Peoria is an unincorporated community in Butler Township, Miami County, in the U.S. state of Indiana.

==History==
Peoria was laid out in 1845 by Isaac Litzenberger. Litzenberger soon opened a store. When the railroad was built in Miami County, it was not extended to Peoria, and the town declined.

Peoria was named for the Peoria Clan, a subgroup of the Miami Indian Nation that still inhabits Miami County. The community has deep roots in the integration of Native Americans and Indiana settlers in the mid-19th century. The white settlers found prosperity similar to that experienced by the Native Americans in this region of the Mississinewa River. A ford and trading post made Peoria a convenient stop for people between the nearby communities of Peru, Wabash and Marion. It is located near the Miami Indian historic trading grounds known as "Seven Pillars."

==Peoria Church==

The Peoria Church and Peoria Cemetery are the only remaining institutions from the pioneer days. Peoria Church was founded by an early Butler Township settler, Benjamin Hahn. Hahn and his wife Anna lost their firstborn son in the area of Pucker Brush and decided to stay. In a revival meeting in 1856, Hahn had a Christian conversion experience and started a church on his homestead. The congregation is an independent community church with many connections to Hahn and other pioneer families.

==Mississinewa Reservoir and other attractions==

In 1962, the Army Corps of Engineers began the Mississinewa Lake Dam project and moved the church and cemetery about 1/4 mile. The reservoir is still a year-round attraction for hunters and fishermen and a summer draw for boaters, swimmers, campers and hikers. There are a number of fishing and state recreation areas adjacent to the reservoir.

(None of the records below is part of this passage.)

(* Let $X,Y$ be random vectors in $\mathbb{R}^m,\mathbb{R}^n$, $\mu,\nu$ finite symmetric Lévy measures on $\mathbb{R}^m\setminus\{0\}$, $\mathbb{R}^n\setminus\{0\}$ with full support, $\Phi(x)=\int(1-\cos\langle x,s\rangle)\mu(ds)$, $\Psi(y)=\int(1-\cos\langle y,t\rangle)\nu(dt)$, and let $(X_1,Y_1),(X_4,Y_4)$ be i.i.d. copies of $(X,Y)$. Define \begin{align*} \overline{\overline{\Phi}}&=\Phi(X_1-X_4)-\mathbb{E}(\Phi(X_4-X_1)\mid X_4)-\mathbb{E}(\Phi(X_4-X_1)\mid X_1)+\mathbb{E}\Phi(X_1-X_4),\\ \overline{\overline{\Psi}}&=\Psi(Y_1-Y_4)-\mathbb{E}(\Psi(Y_4-Y_1)\mid Y_4)-\mathbb{E}(\Psi(Y_4-Y_1)\mid Y_1)+\mathbb{E}\Psi(Y_1-Y_4). \end{align*} Then $V^2(X,Y)=\mathbb{E}\big[\overline{\overline{\Phi}}\cdot\overline{\overline{\Psi}}\big]$.
   Context: Symmetric Lévy measure on $\mathbb{R}^d\setminus\{0\}$: $\rho(B)=\rho(-B)$ and $\int(1\wedge|r|^2)\rho(dr)<\infty$; full support: positive mass on every nonempty open subset. $V^2(X,Y)=\iint|f_{(X,Y)}(s,t)-f_X(s)f_Y(t)|^2\,\mu(ds)\,\nu(dt)$, $f$ denoting characteristic functions. *)

theory Defs
  imports "HOL-Probability.Probability"
begin

text \<open>A symmetric Levy measure on the punctured space (a Borel measure giving no
mass to the origin), with the Levy integrability condition.\<close>
definition symmetric_levy_measure :: "'a::euclidean_space measure \<Rightarrow> bool" where
  "symmetric_levy_measure \<rho> \<longleftrightarrow>
     sets \<rho> = sets borel \<and> emeasure \<rho> {0} = 0 \<and>
     (\<forall>B\<in>sets \<rho>. emeasure \<rho> (uminus ` B) = emeasure \<rho> B) \<and>
     (\<integral>\<^sup>+ r. ennreal (min 1 (norm r ^ 2)) \<partial>\<rho>) < \<infinity>"

definition full_support :: "'a::euclidean_space measure \<Rightarrow> bool" where
  "full_support \<rho> \<longleftrightarrow> (\<forall>U. open U \<and> U \<noteq> {} \<and> 0 \<notin> U \<longrightarrow> emeasure \<rho> U > 0)"

definition charfun :: "'s measure \<Rightarrow> ('s \<Rightarrow> 'a::euclidean_space) \<Rightarrow> 'a \<Rightarrow> complex" where
  "charfun M X s = (LINT \<omega>|M. cis (s \<bullet> X \<omega>))"

definition joint_charfun :: "'s measure \<Rightarrow> ('s \<Rightarrow> 'a::euclidean_space) \<Rightarrow> ('s \<Rightarrow> 'b::euclidean_space)
    \<Rightarrow> 'a \<Rightarrow> 'b \<Rightarrow> complex" where
  "joint_charfun M X Y s t = (LINT \<omega>|M. cis (s \<bullet> X \<omega> + t \<bullet> Y \<omega>))"

definition dcov2 :: "'a::euclidean_space measure \<Rightarrow> 'b::euclidean_space measure \<Rightarrow> 's measure
    \<Rightarrow> ('s \<Rightarrow> 'a) \<Rightarrow> ('s \<Rightarrow> 'b) \<Rightarrow> real" where
  "dcov2 \<mu> \<nu> M X Y =
     (LINT s|\<mu>. LINT t|\<nu>. (cmod (joint_charfun M X Y s t - charfun M X s * charfun M Y t))^2)"

definition levy_psi :: "'a::euclidean_space measure \<Rightarrow> 'a \<Rightarrow> real" where
  "levy_psi \<mu> x = (LINT s|\<mu>. 1 - cos (x \<bullet> s))"

definition double_centered :: "'s measure \<Rightarrow> ('a::euclidean_space \<Rightarrow> real)
    \<Rightarrow> ('s \<Rightarrow> 'a) \<Rightarrow> ('s \<Rightarrow> 'a) \<Rightarrow> 's \<Rightarrow> real" where
  "double_centered N \<Phi> Z1 Z4 \<omega> =
     \<Phi> (Z1 \<omega> - Z4 \<omega>)
     - real_cond_exp N (vimage_algebra (space N) Z4 borel) (\<lambda>\<omega>'. \<Phi> (Z4 \<omega>' - Z1 \<omega>')) \<omega>
     - real_cond_exp N (vimage_algebra (space N) Z1 borel) (\<lambda>\<omega>'. \<Phi> (Z4 \<omega>' - Z1 \<omega>')) \<omega>
     + (LINT \<omega>'|N. \<Phi> (Z1 \<omega>' - Z4 \<omega>'))"

end

theory Submission
  imports Defs
begin

text \<open>
  Write \<open>C\<^sub>s(x) = cos \<langle>s,x\<rangle> - E cos \<langle>s,X\<rangle>\<close> and \<open>S\<^sub>s(x) = sin \<langle>s,x\<rangle> - E sin \<langle>s,X\<rangle>\<close>.
  Since \<open>1 - cos \<langle>x - x',s\<rangle> = 1 - cos \<langle>s,x\<rangle> cos \<langle>s,x'\<rangle> - sin \<langle>s,x\<rangle> sin \<langle>s,x'\<rangle>\<close>, integrating out
  the independent copy (conditional expectation given one copy is an integral against the law)
  shows that the doubly centered \<open>\<Phi>\<close> equals \<open>-\<integral>(C\<^sub>s(x) C\<^sub>s(x') + S\<^sub>s(x) S\<^sub>s(x')) \<mu>(ds)\<close>, and
  likewise for \<open>\<Psi>\<close>. Multiplying, applying Fubini and using independence of the two copies,
  the expectation of the product becomes \<open>\<integral>\<integral>(a\<^sup>2 + b\<^sup>2 + c\<^sup>2 + d\<^sup>2) \<nu>(dt) \<mu>(ds)\<close>, where
  \<open>a, b, c, d\<close> are the cross moments \<open>E C\<^sub>s(X) C\<^sub>t(Y)\<close>, \<open>E C\<^sub>s(X) S\<^sub>t(Y)\<close>, \<open>E S\<^sub>s(X) C\<^sub>t(Y)\<close>,
  \<open>E S\<^sub>s(X) S\<^sub>t(Y)\<close>. On the other hand \<open>|f\<^sub>X\<^sub>Y(s,t) - f\<^sub>X(s) f\<^sub>Y(t)|\<^sup>2 = (a - d)\<^sup>2 + (b + c)\<^sup>2\<close>;
  the substitution \<open>t \<mapsto> -t\<close> changes the signs of \<open>b\<close> and \<open>d\<close> only, so averaging over it,
  which is allowed because \<open>\<nu>\<close> is symmetric, turns this integrand into \<open>a\<^sup>2 + b\<^sup>2 + c\<^sup>2 + d\<^sup>2\<close>.
\<close>

lemma (in finite_measure) abs_integral_le_bound:
  fixes f :: "'a \<Rightarrow> real"
  assumes "\<And>x. \<bar>f x\<bar> \<le> B"
  shows "\<bar>integral\<^sup>L M f\<bar> \<le> B * measure M (space M)"
proof (cases "integrable M f")
  case True
  have "\<bar>integral\<^sup>L M f\<bar> \<le> (\<integral>x. \<bar>f x\<bar> \<partial>M)" by (rule integral_abs_bound)
  also have "\<dots> \<le> (\<integral>x. B \<partial>M)"
    using True assms by (intro integral_mono) auto
  finally show ?thesis by (simp add: mult.commute)
next
  case False
  have "0 \<le> B" using assms[of undefined] by linarith
  then show ?thesis using False by (simp add: not_integrable_integral_eq)
qed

Other area attractions include the Frances Slocum Burial Site and Cemetery (a Miami Indian shrine), the Chief Richardville home, the Peru Circus Hall of Fame, Cole Porter's family farm, the "Old Fashioned Garden" (popularized by Cole Porter) and Seven Pillars.

Students from Peoria attend Maconaquah Schools.

==Geography==
The terrain of Peoria is rolling and bisected by the Mississinewa River. Non-agricultural lands are predominantly wooded by native Indiana hardwoods.